Lastly, as nation states evolved and empires grew, the increasing need for order and efficiency led to more records and writings. Officials and armies would have good reason for keeping detailed records and accounts involving anything concerning a matter such as warfare that, in the words of Sun Tzu, was "a matter of vital importance to the state". For all these reasons, military history comprises a large part of ancient history.

Notable militaries in the ancient world included the Egyptians, Assyrians, Babylonians, Persians, Ancient Greeks (notably the Spartans and Macedonians), Kushites, Indians (notably the Magadhas, Gangaridais, Gandharas and Cholas), early Imperial Chinese (notably the Qin and Han dynasties), Xiongnu Confederation, Ancient Romans, and Carthaginians.

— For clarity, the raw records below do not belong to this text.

lemma rotation_matrix_rodrigues:
  assumes "2 * nu - mu\<^sup>2 - nu\<^sup>2 * (x\<^sup>2 + y\<^sup>2 + z\<^sup>2) = 0"
  shows "rotation_matrix (rodrigues x y z mu nu)"
  using assms
  unfolding rotation_matrix_def orthogonal_matrix_def rodrigues_def skew3_def
  by (simp add: vec_eq_iff forall_3 sum_3 det_3 transpose_def matrix_matrix_mult_def mat_def)
    algebra

lemma rodrigues_coeffs_constraint:
  fixes w t :: real
  assumes "w \<noteq> 0"
  shows "2 * ((1 - cos (w * t)) / w\<^sup>2) - (sin (w * t) / w)\<^sup>2 - ((1 - cos (w * t)) / w\<^sup>2)\<^sup>2 * w\<^sup>2 = 0"
proof -
  have "2 * ((1 - c) / w\<^sup>2) - (s / w)\<^sup>2 - ((1 - c) / w\<^sup>2)\<^sup>2 * w\<^sup>2 = 0"
    if "s\<^sup>2 + c\<^sup>2 = 1" for s c
    using that assms by (simp add: field_simps) algebra
  then show ?thesis
    by simp
qed

lemma rodrigues_z_axis: "rodrigues 0 0 1 (sin \<theta>) (1 - cos \<theta>) = rotz \<theta>"
  by (simp add: rodrigues_def skew3_def rotz_def vec_eq_iff forall_3 sum_3 matrix_matrix_mult_def mat_def)

lemma rotation_matrix_rotz: "rotation_matrix (rotz \<theta>)"
  using rotation_matrix_rodrigues[of "1 - cos \<theta>" "sin \<theta>" 0 0 1]
    rodrigues_coeffs_constraint[of 1 \<theta>]
  by (simp add: rodrigues_z_axis)

lemma rotz_add: "rotz \<alpha> ** rotz \<beta> = rotz (\<alpha> + \<beta>)"
  by (simp add: rotz_def vec_eq_iff forall_3 sum_3 matrix_matrix_mult_def cos_add sin_add)

definition skew4 :: "real \<Rightarrow> real \<Rightarrow> real \<Rightarrow> real^4^4" where
  "skew4 x y z = x *\<^sub>R E1 + y *\<^sub>R E2 + z *\<^sub>R E3"

lemma skew4_cube:
  "skew4 x y z ** (skew4 x y z ** skew4 x y z) = (- (x\<^sup>2 + y\<^sup>2 + z\<^sup>2)) *\<^sub>R skew4 x y z"
  by (simp add: skew4_def E1_def E2_def E3_def munit_def vec_eq_iff matrix_matrix_mult_def
      forall_4 sum_4 algebra_simps power2_eq_square)

lemma skew4_E4:
  shows "skew4 x y z ** E4 = 0" and "E4 ** skew4 x y z = 0" and "E4 ** E4 = E4"
  by (simp_all add: skew4_def E1_def E2_def E3_def E4_def munit_def vec_eq_iff
      matrix_matrix_mult_def forall_4 sum_4)

lemma pairCv_rodrigues:
  "mat 1 + mu *\<^sub>R skew4 x y z + nu *\<^sub>R (skew4 x y z ** skew4 x y z) + (exp c - 1) *\<^sub>R E4
     = pairCv (rodrigues x y z mu nu) c"
  by (simp add: skew4_def E1_def E2_def E3_def E4_def munit_def rodrigues_def skew3_def pairCv_def
      ix3_def vec_eq_iff matrix_matrix_mult_def mat_def forall_4 sum_4 sum_3 algebra_simps)

lemma mexp_skew4:
  assumes w: "w = sqrt (x\<^sup>2 + y\<^sup>2 + z\<^sup>2)" "w \<noteq> 0"
  shows "mexp (t *\<^sub>R skew4 x y z + c *\<^sub>R E4)
           = pairCv (rodrigues x y z (sin (w * t) / w) ((1 - cos (w * t)) / w\<^sup>2)) c"
proof -
  have "skew4 x y z ** (skew4 x y z ** skew4 x y z) = (- w\<^sup>2) *\<^sub>R skew4 x y z"
    using w(1) by (simp add: skew4_cube)
  from mexp_rodrigues[OF this w(2) skew4_E4]
  show ?thesis
    by (simp only: pairCv_rodrigues)
qed

lemma mexp_E3_E4: "mexp (\<theta> *\<^sub>R E3 + c *\<^sub>R E4) = pairCv (rotz \<theta>) c"
  using mexp_skew4[of 1 0 0 1 \<theta> c] by (simp add: skew4_def rodrigues_z_axis)

lemma pairCv_mult: "pairCv A u ** pairCv B v = pairCv (A ** B) (u + v)"
  by (simp add: pairCv_def ix3_def vec_eq_iff matrix_matrix_mult_def forall_4 sum_4 sum_3 exp_add)

lemma gamma1_eq_mexp_mult:
  "gamma1 a1 a2 a3 b t
     = mexp (t *\<^sub>R skew4 a1 a3 (b - a2) + (a2 * t) *\<^sub>R E4) ** mexp ((- (b * t)) *\<^sub>R E3)"
  by (simp add: gamma1_def skew4_def e1_def e2_def e3_def e4_def algebra_simps)

lemma gamma1_generic:
  fixes a1 a2 a3 b t w :: real
  assumes w: "w = sqrt (a1\<^sup>2 + a3\<^sup>2 + (b - a2)\<^sup>2)" and "w \<noteq> 0"
  defines "C \<equiv> rodrigues a1 a3 (b - a2) (sin (w * t) / w) ((1 - cos (w * t)) / w\<^sup>2) ** rotz (- (b * t))"
  shows "rotation_matrix C \<and> gamma1 a1 a2 a3 b t = pairCv C (a2 * t)"
proof
  have "w\<^sup>2 = a1\<^sup>2 + a3\<^sup>2 + (b - a2)\<^sup>2"
    by (simp add: w)
  then show "rotation_matrix C"
    unfolding C_def using rodrigues_coeffs_constraint[OF \<open>w \<noteq> 0\<close>]
    by (intro rotation_matrix_mult rotation_matrix_rodrigues rotation_matrix_rotz) simp
  show "gamma1 a1 a2 a3 b t = pairCv C (a2 * t)"
    unfolding C_def using mexp_skew4[OF assms(1,2), of t "a2 * t"] mexp_E3_E4[of "- (b * t)" 0]
    by (simp add: gamma1_eq_mexp_mult pairCv_mult)
qed

lemma gamma1_vertical: "gamma1 0 a2 0 b t = pairCv (rotz (- (a2 * t))) (a2 * t)"
proof -
  have "gamma1 0 a2 0 b t
      = mexp ((t * (b - a2)) *\<^sub>R E3 + (a2 * t) *\<^sub>R E4) ** mexp ((- (b * t)) *\<^sub>R E3 + 0 *\<^sub>R E4)"
    by (simp add: gamma1_eq_mexp_mult skew4_def)
  also have "\<dots> = pairCv (rotz (t * (b - a2)) ** rotz (- (b * t))) (a2 * t + 0)"
    by (simp only: mexp_E3_E4 pairCv_mult)
  also have "\<dots> = pairCv (rotz (- (a2 * t))) (a2 * t)"
    by (simp add: rotz_add algebra_simps)
  finally show ?thesis .
qed

lemma cols3_eq_rodrigues_rotz:
  "cols3
     (vector [(1 - nu * (a3\<^sup>2 + d\<^sup>2)) * cos \<theta> - (a1 * a3 * nu - d * mu) * sin \<theta>,
              (a1 * a3 * nu + d * mu) * cos \<theta> - (1 - nu * (a1\<^sup>2 + d\<^sup>2)) * sin \<theta>,
              (a1 * d * nu - a3 * mu) * cos \<theta> - (a3 * d * nu + a1 * mu) * sin \<theta>])
     (vector [(1 - nu * (a3\<^sup>2 + d\<^sup>2)) * sin \<theta> + (a1 * a3 * nu - d * mu) * cos \<theta>,
              (a1 * a3 * nu + d * mu) * sin \<theta> + (1 - nu * (a1\<^sup>2 + d\<^sup>2)) * cos \<theta>,
              (a1 * d * nu - a3 * mu) * sin \<theta> + (a3 * d * nu + a1 * mu) * cos \<theta>])
     (vector [a1 * d * nu + a3 * mu, a3 * d * nu - a1 * mu, 1 - nu * (a1\<^sup>2 + a3\<^sup>2)])
   = rodrigues a1 a3 d mu nu ** rotz (- \<theta>)"
  by (simp add: cols3_def rodrigues_def skew3_def rotz_def transpose_def vec_eq_iff forall_3 sum_3
      matrix_matrix_mult_def mat_def algebra_simps power2_eq_square)
(* Let $R$ be an ideal QRF with a faithful, possibly projective, unitary representation $U_R(G)=\mathcal{G}_R$ of $G=\mathbb{Z}_2^{\times(n-k)}$ on $\mathcal{H}_R\simeq(\mathbb{C}^2)^{\otimes(n-k)}$ such that $-I_R\notin\mathcal{G}_R$. For each covariant orthonormal orientation basis $\{\ket g_R\}_{g\in G}$ of $\mathcal{H}_R$, the map $\hat U_R:\hat G\to\mathrm{Aut}(\mathcal{H}_R)$, $\hat U^\chi_R=\sum_{g\in G}\chi(g)\ket g\!\bra g_R$, is a unitary representation of $\hat G$ that is dual to $\mathcal{G}_R$: $U^g_R\hat U^\chi_R=\chi(g)\hat U^\chi_RU^g_R$ for all $g\in G$, $\chi\in\hat G$. Conversely, each unitary representation $\hat U_R$ of $\hat G$ on $\mathcal{H}_R$ dual to $\mathcal{G}_R$ gives rise to a covariant orthonormal orientation basis of $\mathcal{H}_R$. Furthermore, the elements of any such $\hat{\mathcal{G}}_R=\hat U_R(\hat G)$ square to the identity and satisfy $\mathrm{Tr}(\hat U^\chi_R\hat U^\eta_R)=2^{n-k}\delta_{\chi,\eta}$ for all $\chi,\eta\in\hat G$.
   Context: $G=\mathbb{Z}_2^{\times(n-k)}$ (neutral element $e$) and $\hat G$ is its group of characters $\chi:G\to\{\pm1\}$ (pointwise product). A possibly projective unitary representation satisfies $U^g_RU^h_R=c(g,h)U^{gh}_R$ with phases $|c(g,h)|=1$, $U^e_R=I_R$, $c(g,e)=c(e,g)=1$, the cocycle condition $c(g,hk)c(h,k)=c(g,h)c(gh,k)$, and (by a choice of phases assumed throughout) $c(g,g^{-1})=1$ for all $g$. A covariant orthonormal orientation basis is an orthonormal basis $\{\ket g_R\}_{g\in G}$ of $\mathcal{H}_R$ with $U^g_R\ket h_R=c(g,h)\ket{gh}_R$ for all $g,h$; a QRF admitting one is called ideal. A unitary representation $\hat U_R$ of $\hat G$ on $\mathcal{H}_R$ is dual to $\mathcal{G}_R$ if $U^g_R\hat U^\chi_R=\chi(g)\hat U^\chi_RU^g_R$ for all $g,\chi$. *)

theory Defs
  imports "Jordan_Normal_Form.Matrix"
begin

text \<open>The group G = Z_2^m (m = n - k), elements are boolean lists of length m,
  group law = componentwise xor, neutral element = all False.
  Every element is its own inverse.\<close>

definition grp :: "nat \<Rightarrow> bool list set" where
  "grp m = {xs. length xs = m}"

definition gmult :: "bool list \<Rightarrow> bool list \<Rightarrow> bool list" where
  "gmult xs ys = map2 (\<lambda>a b. a \<noteq> b) xs ys"

definition gunit :: "nat \<Rightarrow> bool list" where
  "gunit m = replicate m False"

definition chars :: "nat \<Rightarrow> (bool list \<Rightarrow> complex) set" where
  "chars m = {\<chi>. (\<forall>g\<in>grp m. \<chi> g = 1 \<or> \<chi> g = -1)
               \<and> (\<forall>g\<in>grp m. \<forall>h\<in>grp m. \<chi> (gmult g h) = \<chi> g * \<chi> h)
               \<and> (\<forall>g. g \<notin> grp m \<longrightarrow> \<chi> g = 0)}"

definition cmult :: "(bool list \<Rightarrow> complex) \<Rightarrow> (bool list \<Rightarrow> complex) \<Rightarrow> bool list \<Rightarrow> complex" where
  "cmult \<chi> \<eta> = (\<lambda>g. \<chi> g * \<eta> g)"

definition cunit :: "nat \<Rightarrow> bool list \<Rightarrow> complex" where
  "cunit m = (\<lambda>g. if g \<in> grp m then 1 else 0)"

definition adj :: "complex mat \<Rightarrow> complex mat" where
  "adj A = mat (dim_col A) (dim_row A) (\<lambda>(i,j). cnj (A $$ (j,i)))"

definition unitary_op :: "nat \<Rightarrow> complex mat \<Rightarrow> bool" where
  "unitary_op d A \<longleftrightarrow> A \<in> carrier_mat d d \<and> adj A * A = 1\<^sub>m d \<and> A * adj A = 1\<^sub>m d"

definition tr :: "complex mat \<Rightarrow> complex" where
  "tr A = (\<Sum>i<dim_row A. A $$ (i,i))"

definition ip :: "complex vec \<Rightarrow> complex vec \<Rightarrow> complex" where
  "ip v w = (\<Sum>i<dim_vec v. cnj (v $ i) * w $ i)"

definition proj_rep :: "nat \<Rightarrow> (bool list \<Rightarrow> complex mat) \<Rightarrow> (bool list \<Rightarrow> bool list \<Rightarrow> complex) \<Rightarrow> bool" where
  "proj_rep m U c \<longleftrightarrow>
     (\<forall>g\<in>grp m. unitary_op (2^m) (U g))
   \<and> (\<forall>g\<in>grp m. \<forall>h\<in>grp m. U g * U h = c g h \<cdot>\<^sub>m U (gmult g h))
   \<and> U (gunit m) = 1\<^sub>m (2^m)
   \<and> (\<forall>g\<in>grp m. \<forall>h\<in>grp m. cmod (c g h) = 1)
   \<and> (\<forall>g\<in>grp m. c g (gunit m) = 1 \<and> c (gunit m) g = 1)
   \<and> (\<forall>g\<in>grp m. \<forall>h\<in>grp m. \<forall>k\<in>grp m. c g (gmult h k) * c h k = c g h * c (gmult g h) k)
   \<and> (\<forall>g\<in>grp m. c g g = 1)"

definition orth_basis :: "nat \<Rightarrow> (bool list \<Rightarrow> complex vec) \<Rightarrow> bool" where
  "orth_basis m ket \<longleftrightarrow>
     (\<forall>g\<in>grp m. ket g \<in> carrier_vec (2^m))
   \<and> (\<forall>g\<in>grp m. \<forall>h\<in>grp m. ip (ket g) (ket h) = (if g = h then 1 else 0))
   \<and> (\<forall>v\<in>carrier_vec (2^m). \<exists>a. v = vec (2^m) (\<lambda>i. \<Sum>g\<in>grp m. a g * ket g $ i))"

definition covariant_basis ::
  "nat \<Rightarrow> (bool list \<Rightarrow> complex mat) \<Rightarrow> (bool list \<Rightarrow> bool list \<Rightarrow> complex) \<Rightarrow> (bool list \<Rightarrow> complex vec) \<Rightarrow> bool" where
  "covariant_basis m U c ket \<longleftrightarrow> orth_basis m ket
     \<and> (\<forall>g\<in>grp m. \<forall>h\<in>grp m. U g *\<^sub>v ket h = c g h \<cdot>\<^sub>v ket (gmult g h))"

definition diag_op :: "nat \<Rightarrow> (bool list \<Rightarrow> complex vec) \<Rightarrow> (bool list \<Rightarrow> complex) \<Rightarrow> complex mat" where
  "diag_op m ket \<chi> = mat (2^m) (2^m) (\<lambda>(i,j). \<Sum>g\<in>grp m. \<chi> g * (ket g $ i) * cnj (ket g $ j))"

definition dual_group_rep :: "nat \<Rightarrow> ((bool list \<Rightarrow> complex) \<Rightarrow> complex mat) \<Rightarrow> bool" where
  "dual_group_rep m V \<longleftrightarrow>
     (\<forall>\<chi>\<in>chars m. unitary_op (2^m) (V \<chi>))
   \<and> (\<forall>\<chi>\<in>chars m. \<forall>\<eta>\<in>chars m. V (cmult \<chi> \<eta>) = V \<chi> * V \<eta>)
   \<and> V (cunit m) = 1\<^sub>m (2^m)"

definition is_dual :: "nat \<Rightarrow> (bool list \<Rightarrow> complex mat) \<Rightarrow> ((bool list \<Rightarrow> complex) \<Rightarrow> complex mat) \<Rightarrow> bool" where
  "is_dual m U V \<longleftrightarrow>
     (\<forall>g\<in>grp m. \<forall>\<chi>\<in>chars m. U g * V \<chi> = \<chi> g \<cdot>\<^sub>m (V \<chi> * U g))"

end

theory Submission
  imports Defs "Jordan_Normal_Form.Determinant"
begin

(* Given a covariant orthonormal basis, the operators sum_g chi(g) |g><g| are simultaneously
   diagonal, so they multiply like the characters; U^g maps |h> to a multiple of |gh>, on which
   chi acts by chi(g) chi(h), which gives the twisted commutation.
   Conversely, let V be a dual representation. For chi <> 1 pick x with chi(x) = -1; then U^x
   conjugates V^chi into -V^chi, so tr V^chi = 0. Hence the average sum_chi V^chi has trace 2^m,
   and a normalised nonzero column u of it is fixed by every V^chi. The vectors U^g u are
   eigenvectors of V^chi for the eigenvalue chi(g); since characters separate points they are
   orthonormal, hence a covariant basis, and V^chi is diagonal in it with entries chi(g).
   The trace formula is tr V^(chi eta) together with the same vanishing of traces. *)

section \<open>The group and its characters\<close>

lemma finite_grp: "finite (grp m)"
  unfolding grp_def using finite_lists_length_eq[of "UNIV :: bool set" m] by simp

lemma card_grp: "card (grp m) = 2 ^ m"
  unfolding grp_def using card_lists_length_eq[of "UNIV :: bool set" m] by simp

lemma gmult_in_grp: "g \<in> grp m \<Longrightarrow> h \<in> grp m \<Longrightarrow> gmult g h \<in> grp m"
  unfolding grp_def gmult_def by simp

lemma char_values: "\<chi> \<in> chars m \<Longrightarrow> g \<in> grp m \<Longrightarrow> \<chi> g = 1 \<or> \<chi> g = -1"
  unfolding chars_def by blast

lemma char_square: "\<chi> \<in> chars m \<Longrightarrow> g \<in> grp m \<Longrightarrow> \<chi> g * \<chi> g = 1"
  using char_values by fastforce

lemma cnj_char: "\<chi> \<in> chars m \<Longrightarrow> g \<in> grp m \<Longrightarrow> cnj (\<chi> g) = \<chi> g"
  using char_values by fastforce

lemma char_gmult: "\<chi> \<in> chars m \<Longrightarrow> g \<in> grp m \<Longrightarrow> h \<in> grp m \<Longrightarrow> \<chi> (gmult g h) = \<chi> g * \<chi> h"
  unfolding chars_def by blast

The Fertile Crescent of Mesopotamia was the center of several prehistoric conquests. Mesopotamia was conquered by the Sumerians, Akkadians, Babylonians, Assyrians and Persians. Iranians were the first nation to introduce cavalry into their army.

Egypt began growing as an ancient power, but eventually fell to the Libyans, Nubians, Assyrians, Persians, Greeks, Romans, Byzantines, and Arabs.

The earliest recorded battle in India was the Battle of the Ten Kings. The Indian epics Mahabharata and Ramayana center on conflict and address military formations, theories of warfare, and esoteric weaponry. Chanakya's Arthashastra contains a detailed study of ancient warfare, including topics such as espionage and war elephants.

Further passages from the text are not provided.